Subtypes of dementia usually show characteristic regional metabolic abnormality, but
they may also resemble each other on 18F-FDG-PET images. Reduced occipital metabolism or hypoperfusion can be seen in atypical
forms of AD, such as visual variant of AD or posterior cortical atrophy.[26] In a case with bilateral occipital reduced perfusion on Tc-99m hexamethylpropyleneamine
oxime SPECT, neuropathological examination after death demonstrated established AD
with particularly severe involvement of the visual occipital cortex.[26] In a report of eight patients who were diagnosed with behavioral variant FTD based
on their clinical, neuropsychological, and neuroimaging (SPECT and MRI) findings,
while cerebrospinal fluid biomarkers showed an AD biological profile, thus supporting
a diagnosis of frontal variant of AD.[27] The other nuclear medicine studies such as DAT scan and amyloid imaging can help
differentiate dementia subtypes when 18F-FDG-PET scan is indeterminate.[28],[29] In DLBD and other dementias with Parkinsonism, DAT scan shows reduced uptake in
bilateral or unilateral corpus striatum. Extrapyramidal symptoms are also observed
in FTD and reduced DAT binding has also been reported.[30] Amyloid PET imaging is also useful which is positive in majority of the patients
with AD but usually negative in FTD.[31] However, positive amyloid PET can also be seen in normal older individuals, DLBD
and cerebral amyloid angiopathy, and negative amyloid PET can be seen in rare forms
of AD with unusual amyloid.[32],[33],[34]
Reduced frontal uptake due to depression in AD may resemble FTD if it is significant.
Depressive symptoms in AD patients were associated with relative hypoperfusion in
the prefrontal cortex when they were compared with AD patients without depressive
symptoms.[35] Hypoperfusion in the left frontal cortex was found in AD patients with depression.[36]
18F-FDG-PET images should be obtained in optimal condition by keeping the patient in
a room with dim light during injection and uptake period of radiotracer. The uptake
of 18F-FDG when the patient's eyes are closed may cause hypometabolism in the occipital
lobe which may mimic DLBD. Prominent light during radiotracer injection or uptake
period may increase the uptake in the visual cortex and prevent the diagnosis of DLBD.

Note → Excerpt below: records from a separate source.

definition struct_const3 :: "'g \<times> nat \<Rightarrow> 'g \<times> nat \<Rightarrow> 'g \<times> nat \<Rightarrow> 'g \<times> nat \<Rightarrow> 'k" where
  "struct_const3 x y z w =
    (if fst x \<otimes> fst y \<otimes> fst z = fst w \<and> snd x + snd y + snd z = snd w \<and> snd w < n
     then chi (fst y) ^ snd x * chi (fst z) ^ (snd x + snd y) else 0)"

lemma mult_H_expand:
  assumes a: "a \<in> carrier H" and b: "b \<in> carrier H"
  shows "(a \<otimes>\<^bsub>H\<^esub> b) w = (\<Sum>x\<in>basis_index. \<Sum>y\<in>basis_index. a x * b y * struct_const x y w)"
proof (cases w)
  case (Pair u m)
  show ?thesis
  proof (cases "u \<in> carrier G \<and> m < n")
    case True
    then have u: "u \<in> carrier G" and m: "m < n" by auto
    have inner: "(\<Sum>y\<in>basis_index. a (s, i) * b y * struct_const (s, i) y (u, m)) =
        (if i \<le> m then a (s, i) * b (inv s \<otimes> u, m - i) * chi (inv s \<otimes> u) ^ i else 0)"
      if s: "s \<in> carrier G" for s i
    proof -
      have "(\<Sum>y\<in>basis_index. a (s, i) * b y * struct_const (s, i) y (u, m))
          = (\<Sum>t\<in>carrier G. \<Sum>j<n. a (s, i) * b (t, j) * struct_const (s, i) (t, j) (u, m))"
        by (rule sum.cartesian_product')
      also have "\<dots> = (\<Sum>t\<in>carrier G. if t = inv s \<otimes> u then
            (if i \<le> m then a (s, i) * b (t, m - i) * chi t ^ i else 0) else 0)"
      proof (rule sum.cong[OF refl])
        fix t assume t: "t \<in> carrier G"
        have st: "(s \<otimes> t = u) = (t = inv s \<otimes> u)" using inv_solve_left[OF t s u] by auto
        show "(\<Sum>j<n. a (s, i) * b (t, j) * struct_const (s, i) (t, j) (u, m)) =
          (if t = inv s \<otimes> u then
            (if i \<le> m then a (s, i) * b (t, m - i) * chi t ^ i else 0) else 0)"
          using m by (auto simp: struct_const_def st sum_eq_single[where a = "m - i"])
      qed
      also have "\<dots> = (if i \<le> m then a (s, i) * b (inv s \<otimes> u, m - i) * chi (inv s \<otimes> u) ^ i else 0)"
        using finite_carrier s u by auto
      finally show ?thesis .
    qed
    have "(\<Sum>x\<in>basis_index. \<Sum>y\<in>basis_index. a x * b y * struct_const x y w)
        = (\<Sum>s\<in>carrier G. \<Sum>i<n. \<Sum>y\<in>basis_index. a (s, i) * b y * struct_const (s, i) y (u, m))"
      unfolding Pair by (rule sum.cartesian_product')
    also have "\<dots> = (\<Sum>s\<in>carrier G. \<Sum>i<n.
        if i \<le> m then a (s, i) * b (inv s \<otimes> u, m - i) * chi (inv s \<otimes> u) ^ i else 0)"
      by (intro sum.cong refl) (simp add: inner)
    also have "\<dots> = (\<Sum>s\<in>carrier G. \<Sum>i\<le>m. a (s, i) * b (inv s \<otimes> u, m - i) * chi (inv s \<otimes> u) ^ i)"
      by (intro sum.cong refl sum.mono_neutral_cong_right) (use m in auto)
    finally show ?thesis using True by (simp add: Pair mult_H_apply)
  next
    case False
    then show ?thesis by (auto simp: Pair mult_H_apply struct_const_def intro!: sum.neutral)
  qed
qed

lemma struct_const_assoc_left:
  assumes "x \<in> basis_index" and "y \<in> basis_index" and "z \<in> basis_index"
  shows "(\<Sum>w\<in>basis_index. struct_const x y w * struct_const w z v) = struct_const3 x y z v"
  using assms finite_carrier
  by (subst sum_eq_single[where a = "(fst x \<otimes> fst y, snd x + snd y)"])
     (auto simp: struct_const_def struct_const3_def)

lemma struct_const_assoc_right:
  assumes "x \<in> basis_index" and "y \<in> basis_index" and "z \<in> basis_index"
  shows "(\<Sum>w\<in>basis_index. struct_const y z w * struct_const x w v) = struct_const3 x y z v"
  using assms finite_carrier
  by (subst sum_eq_single[where a = "(fst y \<otimes> fst z, snd y + snd z)"])
     (auto simp: struct_const_def struct_const3_def m_assoc lin_char_mult[OF lin_char_chi]
        power_mult_distrib power_add)
lemma Su_star_inverse_Hankel_sharp:
  "\<exists>f g r. Su_star f \<and> local_inverse f g r \<and>
            cmod (tcoeff g 2 * tcoeff g 4 - (tcoeff g 3)\<^sup>2) = 5 / 12"
proof -
  define f where "f = (\<lambda>z::complex. z * exp z)"
  have holf: "f holomorphic_on ball 0 1" unfolding f_def by (intro holomorphic_intros)
  have hd: "(deriv^^n) f z = (z + of_nat n) * exp z" for n z unfolding f_def higher_deriv_times_exp by simp
  have d1: "deriv f z = (z + 1) * exp z" for z using hd[of 1 z] by simp
  have su: "Su_star f"
    unfolding Su_star_def
  proof (intro conjI ballI impI holf)
    fix z :: complex assume z: "z \<in> ball 0 1" "z \<noteq> 0"
    have "z * deriv f z / f z - 1 = z" using z(2) by (simp only: d1) (simp add: f_def field_simps)
    then show "cmod (z * deriv f z / f z - 1) < 1" using z(1) by simp
  qed (simp_all only: d1, simp_all add: f_def)
  obtain g r where li: "local_inverse f g r"
    using local_inverse_exists[OF holf] d1[of 0] by (auto simp: f_def)
  have "tcoeff g 2 * tcoeff g 4 - (tcoeff g 3)\<^sup>2 = 5/12"
    unfolding local_inverse_Hankel[OF holf d1[of 0, simplified] li]
    by (simp add: tcoeff_def hd fact_2_3_4 power2_eq_square)
  then show ?thesis using su li by (metis norm_divide norm_numeral)
qed

theorem mainTheorem4:
  shows "(\<forall>f g r. Su_star f \<and> local_inverse f g r \<longrightarrow>
            cmod (tcoeff g 2 * tcoeff g 4 - (tcoeff g 3)\<^sup>2) \<le> 5 / 12)
       \<and> (\<exists>f g r. Su_star f \<and> local_inverse f g r \<and>
            cmod (tcoeff g 2 * tcoeff g 4 - (tcoeff g 3)\<^sup>2) = 5 / 12)"
  using Su_star_inverse_Hankel_bound Su_star_inverse_Hankel_sharp by blast

end
lemma sphere_Int_hyperplane_codim2_sphere:
  fixes \<nu> c ya yb :: "'a::euclidean_space"
  assumes \<nu>: "\<nu> \<noteq> 0" and y: "ya \<in> sphere c r \<inter> {y. \<nu> \<bullet> y = \<beta>}" "yb \<in> sphere c r \<inter> {y. \<nu> \<bullet> y = \<beta>}"
    and "ya \<noteq> yb"
  shows "codim2_sphere (sphere c r \<inter> {y. \<nu> \<bullet> y = \<beta>})"
proof -
  define p where "p = c + ((\<beta> - \<nu> \<bullet> c) / (\<nu> \<bullet> \<nu>)) *\<^sub>R \<nu>"
  note foot = hyperplane_foot[OF \<nu>, where c=c and \<beta>=\<beta>, folded p_def]
  define \<rho> where "\<rho> = sqrt (r\<^sup>2 - (dist p c)\<^sup>2)"
  have r: "r \<ge> 0" using y(1) by auto
  have "\<nu> \<bullet> ya = \<beta>" using y(1) by simp
  from foot(2)[OF this] have "r\<^sup>2 = (dist p ya)\<^sup>2 + (dist p c)\<^sup>2" using y(1) by simp
  then have rc: "r\<^sup>2 - (dist p c)\<^sup>2 \<ge> 0" using zero_le_power2[of "dist p ya"] by linarith
  have "dist c y = r \<longleftrightarrow> dist p y = \<rho>" if "\<nu> \<bullet> y = \<beta>" for y
  proof -
    have "dist c y = r \<longleftrightarrow> (dist c y)\<^sup>2 = r\<^sup>2" using r by (simp add: power2_eq_iff_nonneg)
    also have "\<dots> \<longleftrightarrow> (dist p y)\<^sup>2 = r\<^sup>2 - (dist p c)\<^sup>2" using foot(2)[OF that] by auto
    also have "\<dots> \<longleftrightarrow> dist p y = \<rho>"
      unfolding \<rho>_def using rc by (metis real_sqrt_pow2 real_sqrt_unique zero_le_dist)
    finally show ?thesis .
  qed
  then have eq: "sphere c r \<inter> {y. \<nu> \<bullet> y = \<beta>} = sphere p \<rho> \<inter> {y. \<nu> \<bullet> y = \<beta>}" by auto
  have "\<rho> > 0"
  proof (rule ccontr)
    assume "\<not> \<rho> > 0"
    moreover have "ya \<in> sphere p \<rho>" "yb \<in> sphere p \<rho>" using eq y by auto
    ultimately show False using \<open>ya \<noteq> yb\<close> by auto
  qed
  then show ?thesis unfolding codim2_sphere_def eq
    using foot(1) \<nu> by (intro exI[of _ p] exI[of _ \<rho>] exI[of _ "{y. \<nu> \<bullet> y = \<beta>}"])
      (simp add: affine_hyperplane)
qed

locale similarity =
  fixes L :: "'a::euclidean_space \<Rightarrow> 'a" and s :: real
  assumes linear: "linear L" and norm_image: "\<And>x. norm (L x) = s * norm x" and pos: "s > 0"
begin

lemma inj: "inj L"
proof (rule injI)
  fix x y assume "L x = L y"
  then have "s * norm (x - y) = 0" using linear by (simp flip: norm_image add: linear_diff)
  then show "x = y" using pos by simp
qed

lemma surj: "surj L"
  using linear inj linear_injective_imp_surjective by blast

lemma image_eq: "(\<lambda>x. L x + e) ` P = (+) e ` (L ` P)"
  by (auto simp: image_image add.commute)

lemma affine_image:
  assumes "affine P"
  shows "affine ((\<lambda>x. L x + e) ` P)"
proof -
  have "L ` P = affine hull (L ` P)"
    using assms linear by (metis affine_hull_eq affine_hull_linear_image linear_conv_bounded_linear)
  then have "affine (L ` P)" by (metis affine_affine_hull)
  then show ?thesis unfolding image_eq using affine_translation by blast
qed
(* Let $M,P$ be positive integers, let $\Gamma$ be the set of positive 1-1 vectors in $\{-1,0,1,\dots,M\}^P$, let $\eta_i(j)>0$ for $i\in\{1,\dots,P\}$, $j\in\{-1,\dots,M\}$ be as in the context, and let $\pi$ be the target distribution $\pi(\gamma)\propto 1_{\Gamma}(\gamma)\prod_{i=1}^P\eta_i(\gamma_i)$. Consider the Gibbs sampler on $\Gamma$ with transition kernel $$\pi(\gamma'|\gamma)=\prod_{n=1}^P\pi_n(\gamma'_n|\gamma'_1,\dots,\gamma'_{n-1},\gamma_{n+1},\dots,\gamma_P),$$ where, writing $\bar n=\{1,\dots,P\}\setminus\{n\}$ and $\gamma_{\bar n}$ for the vector with the $n$-th coordinate removed, the conditionals are given by $$\pi_n(\gamma_n|\gamma_{\bar n})\propto\eta_n(\gamma_n)\prod_{i\in\bar n}\big(1-1_{\{1,\dots,M\}}(\gamma_n)\,\delta_{\gamma_n}[\gamma_i]\big).$$ Then, starting from any initial state in $\Gamma$, the sampler converges to $\pi$ at an exponential rate: letting $\pi^j(\gamma'|\gamma)$ denote the $j$-step transition probabilities and $\beta=\min_{\gamma,\gamma'\in\Gamma}\pi^2(\gamma'|\gamma)$, one has $\beta>0$ and for every $j\ge1$ $$\max_{\gamma,\gamma'\in\Gamma}\big|\pi^j(\gamma'|\gamma)-\pi(\gamma')\big|\le(1-2\beta)^{\lfloor j/2\rfloor}.$$
   Context: A vector $\gamma\in\{-1,\dots,M\}^P$ is positive 1-1 if there are no distinct $i,i'$ with $\gamma_i=\gamma_{i'}>0$. $1_S$ is the indicator of $S$; $\delta_a[b]=1$ if $a=b$ and $0$ otherwise. In the paper the weights arise as follows: given labels $\ell_1,\dots,\ell_R$ of existing objects and birth labels $\ell_{R+1},\dots,\ell_P$, expected survival probabilities $\bar P_S(\ell_i)\in(0,1)$ ($i\le R$), birth probabilities $r_B(\ell_i)$ ($i>R$), and positive quantities $\bar\psi^{(j)}(\ell_i)$ (predicted likelihood of label $\ell_i$ being misdetected, $j=0$, or generating measurement $j\in\{1,\dots,M\}$), one sets $\eta_i(j)=1-\bar P_S(\ell_i)$ if $i\le R$, $j<0$; $\eta_i(j)=\bar P_S(\ell_i)\bar\psi^{(j)}(\ell_i)$ if $i\le R$, $j\ge0$; $\eta_i(j)=1-r_B(\ell_i)$ if $i>R$, $j<0$; $\eta_i(j)=r_B(\ell_i)\bar\psi^{(j)}(\ell_i)$ if $i>R$, $j\ge0$. These are assumed to satisfy $\eta_i(j)>0$ for all $i,j$. *)

theory Defs
  imports Complex_Main
begin

text \<open>Vectors gamma in {-1,...,M}^P are lists of length P (coordinates indexed 0..P-1).\<close>

definition pos11 :: "int list \<Rightarrow> bool" where
  "pos11 g \<longleftrightarrow> (\<forall>i<length g. \<forall>i'<length g. i \<noteq> i' \<and> g ! i = g ! i' \<longrightarrow> g ! i \<le> 0)"

definition Gam :: "nat \<Rightarrow> nat \<Rightarrow> int list set" where
  "Gam M P = {g. length g = P \<and> set g \<subseteq> {-1..int M} \<and> pos11 g}"

definition weight :: "nat \<Rightarrow> (nat \<Rightarrow> int \<Rightarrow> real) \<Rightarrow> int list \<Rightarrow> real" where
  "weight P eta g = (\<Prod>i<P. eta i (g ! i))"

definition target :: "nat \<Rightarrow> nat \<Rightarrow> (nat \<Rightarrow> int \<Rightarrow> real) \<Rightarrow> int list \<Rightarrow> real" where
  "target M P eta g =
     (if g \<in> Gam M P then weight P eta g / (\<Sum>h\<in>Gam M P. weight P eta h) else 0)"

text \<open>Unnormalised conditional weight of value c for coordinate n, given the other
  coordinates of d (coordinate n of d is ignored).\<close>
definition cond_w :: "nat \<Rightarrow> nat \<Rightarrow> (nat \<Rightarrow> int \<Rightarrow> real) \<Rightarrow> nat \<Rightarrow> int list \<Rightarrow> int \<Rightarrow> real" where
  "cond_w M P eta n d c =
     eta n c * (\<Prod>i\<in>{..<P} - {n}.
        (1 - (if c \<in> {1..int M} then 1 else 0) * (if c = d ! i then 1 else 0)))"

definition cond_prob :: "nat \<Rightarrow> nat \<Rightarrow> (nat \<Rightarrow> int \<Rightarrow> real) \<Rightarrow> nat \<Rightarrow> int list \<Rightarrow> int \<Rightarrow> real" where
  "cond_prob M P eta n d c =
     cond_w M P eta n d c / (\<Sum>c'\<in>{-1..int M}. cond_w M P eta n d c')"

text \<open>One systematic-scan Gibbs sweep: coordinate n is drawn conditionally on the
  already updated coordinates 0..n-1 of g' and the old coordinates n+1..P-1 of g.\<close>
definition gibbs_kernel :: "nat \<Rightarrow> nat \<Rightarrow> (nat \<Rightarrow> int \<Rightarrow> real) \<Rightarrow> int list \<Rightarrow> int list \<Rightarrow> real" where
  "gibbs_kernel M P eta g g' =
     (if g' \<in> Gam M P then
        (\<Prod>n<P. cond_prob M P eta n (take n g' @ drop n g) (g' ! n))
      else 0)"

fun gibbs_pow :: "nat \<Rightarrow> nat \<Rightarrow> (nat \<Rightarrow> int \<Rightarrow> real) \<Rightarrow> nat \<Rightarrow> int list \<Rightarrow> int list \<Rightarrow> real" where
  "gibbs_pow M P eta 0 g g' = (if g = g' then 1 else 0)"
| "gibbs_pow M P eta (Suc j) g g' =
     (\<Sum>d\<in>Gam M P. gibbs_pow M P eta j g d * gibbs_kernel M P eta d g')"

end

theory Submission
  imports Defs
begin

text \<open>A sweep is the composition of the P single-site updates. Each update leaves the
  unnormalised target (extended by zero to the whole box {-1..M}^P) invariant, because along
  a coordinate line the target factorises into the conditional weight of that coordinate times
  a factor independent of it; and sweeps started in the positive 1-1 vectors stay there.
  From every state one sweep reaches the all-zero vector with positive probability, and from
  the all-zero vector every state is reachable, so the two-step kernel is bounded below by
  some \<beta> > 0. Averaging against rows bounded below by \<beta> contracts the oscillation of any
  function by the factor 1 - 2\<beta> (Doeblin), which gives the geometric bound.\<close>

section \<open>Finite stochastic kernels\<close>

definition kernel_comp ::
    "'a set \<Rightarrow> ('a \<Rightarrow> 'a \<Rightarrow> real) \<Rightarrow> ('a \<Rightarrow> 'a \<Rightarrow> real) \<Rightarrow> 'a \<Rightarrow> 'a \<Rightarrow> real" where
  "kernel_comp S K L x z = (\<Sum>y\<in>S. K x y * L y z)"

definition stochastic_on :: "'a set \<Rightarrow> ('a \<Rightarrow> 'a \<Rightarrow> real) \<Rightarrow> bool" where
  "stochastic_on S K \<longleftrightarrow> (\<forall>x\<in>S. \<forall>y\<in>S. 0 \<le> K x y) \<and> (\<forall>x\<in>S. (\<Sum>y\<in>S. K x y) = 1)"

definition invariant_on :: "'a set \<Rightarrow> ('a \<Rightarrow> real) \<Rightarrow> ('a \<Rightarrow> 'a \<Rightarrow> real) \<Rightarrow> bool" where
  "invariant_on S \<mu> K \<longleftrightarrow> (\<forall>y\<in>S. (\<Sum>x\<in>S. \<mu> x * K x y) = \<mu> y)"

definition id_kernel :: "'a \<Rightarrow> 'a \<Rightarrow> real" where
  "id_kernel x y = (if x = y then 1 else 0)"

lemma stochastic_on_id_kernel: "finite S \<Longrightarrow> stochastic_on S id_kernel"
  by (simp add: stochastic_on_def id_kernel_def)

lemma invariant_on_id_kernel: "finite S \<Longrightarrow> invariant_on S \<mu> id_kernel"
  by (simp add: invariant_on_def id_kernel_def if_distrib cong: if_cong)

lemma kernel_comp_id_kernel_right:
  "finite S \<Longrightarrow> z \<in> S \<Longrightarrow> kernel_comp S K id_kernel x z = K x z"
  by (simp add: kernel_comp_def id_kernel_def if_distrib cong: if_cong)

lemma kernel_comp_assoc:
  "kernel_comp S (kernel_comp S K L) N x z = kernel_comp S K (kernel_comp S L N) x z"
  unfolding kernel_comp_def sum_distrib_left sum_distrib_right
  by (subst sum.swap) (simp add: mult.assoc)

lemma stochastic_on_kernel_comp:
  assumes "finite S" "stochastic_on S K" "stochastic_on S L"
  shows "stochastic_on S (kernel_comp S K L)"
proof -
  have "(\<Sum>z\<in>S. kernel_comp S K L x z) = (\<Sum>y\<in>S. K x y * (\<Sum>z\<in>S. L y z))" for x
    unfolding kernel_comp_def sum_distrib_left by (rule sum.swap)
  then show ?thesis
    using assms by (auto simp: stochastic_on_def kernel_comp_def intro!: sum_nonneg)
qed

lemma invariant_on_kernel_comp:
  assumes "invariant_on S \<mu> K" "invariant_on S \<mu> L"
  shows "invariant_on S \<mu> (kernel_comp S K L)"
proof -
  have "(\<Sum>x\<in>S. \<mu> x * kernel_comp S K L x z) = (\<Sum>y\<in>S. (\<Sum>x\<in>S. \<mu> x * K x y) * L y z)" for z
    unfolding kernel_comp_def sum_distrib_left sum_distrib_right
    by (subst sum.swap) (simp add: mult.assoc)
  then show ?thesis
    using assms by (simp add: invariant_on_def)
qed

lemma stochastic_on_le_one:
  assumes "finite S" "stochastic_on S K" "x \<in> S" "y \<in> S"
  shows "K x y \<le> 1"
proof -
  have "K x y \<le> (\<Sum>y\<in>S. K x y)"
    using assms by (intro member_le_sum) (auto simp: stochastic_on_def)
  then show ?thesis
    using assms by (simp add: stochastic_on_def)
qed

fun kernel_pow :: "'a set \<Rightarrow> ('a \<Rightarrow> 'a \<Rightarrow> real) \<Rightarrow> nat \<Rightarrow> 'a \<Rightarrow> 'a \<Rightarrow> real" where
  "kernel_pow S K 0 = id_kernel"
| "kernel_pow S K (Suc j) = kernel_comp S (kernel_pow S K j) K"

lemma convex_sum_le_max_sub_mass:
  fixes q f :: "'a \<Rightarrow> real"
  assumes "finite S" "\<And>d. d \<in> S \<Longrightarrow> 0 \<le> q d" "sum q S = 1"
    and "y \<in> S" "\<beta> \<le> q y" "\<And>d. d \<in> S \<Longrightarrow> f d \<le> u"
  shows "(\<Sum>d\<in>S. q d * f d) \<le> u - \<beta> * (u - f y)"
proof -
  have "(\<Sum>d\<in>S. q d * f d) = u - (\<Sum>d\<in>S. q d * (u - f d))"
    using assms(3) by (simp add: algebra_simps sum_subtractf flip: sum_distrib_left)
  also have "q y * (u - f y) \<le> (\<Sum>d\<in>S. q d * (u - f d))"
    using assms by (intro member_le_sum) auto
  moreover have "\<beta> * (u - f y) \<le> q y * (u - f y)"
    using assms by (intro mult_right_mono) auto
  ultimately show ?thesis
    by linarith
qed
lemma weak_chains_Suc:
  assumes "a \<le> b"
  shows "weak_chains (Suc m) a b = weak_chains (Suc m) a (b - 1) \<union> (\<lambda>ys. ys @ [b]) ` weak_chains m a b"
proof (intro equalityI subsetI)
  fix xs assume xs: "xs \<in> weak_chains (Suc m) a b"
  then have "xs \<noteq> []"
    unfolding weak_chains_def by auto
  then obtain ys y where xs_eq: "xs = ys @ [y]"
    by (metis rev_exhaust)
  have ys: "length ys = m" "sorted ys" "set ys \<subseteq> {a..b}" and "\<forall>z\<in>set ys. z \<le> y" "y \<in> {a..b}"
    using xs unfolding weak_chains_def xs_eq by (auto simp: sorted_append)
  show "xs \<in> weak_chains (Suc m) a (b - 1) \<union> (\<lambda>ys. ys @ [b]) ` weak_chains m a b"
  proof (cases "y = b")
    case True
    then show ?thesis using ys unfolding xs_eq weak_chains_def by auto
  next
    case False
    then have "set xs \<subseteq> {a..b - 1}"
      using \<open>\<forall>z\<in>set ys. z \<le> y\<close> \<open>y \<in> {a..b}\<close> ys(3) unfolding xs_eq by fastforce
    then show ?thesis using xs unfolding weak_chains_def by auto
  qed
next
  fix xs assume "xs \<in> weak_chains (Suc m) a (b - 1) \<union> (\<lambda>ys. ys @ [b]) ` weak_chains m a b"
  then show "xs \<in> weak_chains (Suc m) a b"
    using assms unfolding weak_chains_def by (fastforce simp: sorted_append)
qed

lemma weak_chains_Suc_disjoint: "weak_chains (Suc m) a (b - 1) \<inter> (\<lambda>ys. ys @ [b]) ` weak_chains m a b = {}"
  unfolding weak_chains_def by auto

definition entry_A :: "nat \<Rightarrow> int \<Rightarrow> complex \<Rightarrow> complex" where
  "entry_A j c z = (z + 1) powi c * z ^ (j + 1)"

definition entry_B :: "nat \<Rightarrow> int \<Rightarrow> complex \<Rightarrow> complex" where
  "entry_B j c z = (z + 1) powi (- c) * z powi (- int (j + 1))"

definition chain_det_A :: "nat \<Rightarrow> int list \<Rightarrow> (nat \<Rightarrow> complex) \<Rightarrow> complex" where
  "chain_det_A k xs w = det (mat k k (\<lambda>(i,j). entry_A j (xs ! j) (w i)))"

Sensorimotor cortex is spared not only in AD but also in DLBD and FTD.[22] In our 14 patients, sensorimotor uptake was prominent as compared to the areas of
reduced metabolism.
Marked regional hypometabolism was either on the left side of the brain or was more
significant on the left than the right in 63% of patients. In patients with AD, abnormalities
were more marked on the left side of the brain on perfusion SPECT.[37]
Conclusion
18F-FDG-PET imaging is useful in the diagnosis and differentiation of subtypes of dementia.
In cases with marked abnormalities on visual analysis, SQ analysis does not add much.
Current SQ analysis programs have certain limitations due to suboptimal selection
of brain areas as well as erroneous uptake normalization procedure. SQ analysis programs
with better area selection and comparison with higher number of age-matched normal
control values are needed to more accurately assess metabolic changes in the brain.
When using currently available SQ analysis programs, image registration and selection
of areas should be checked carefully before reporting the results.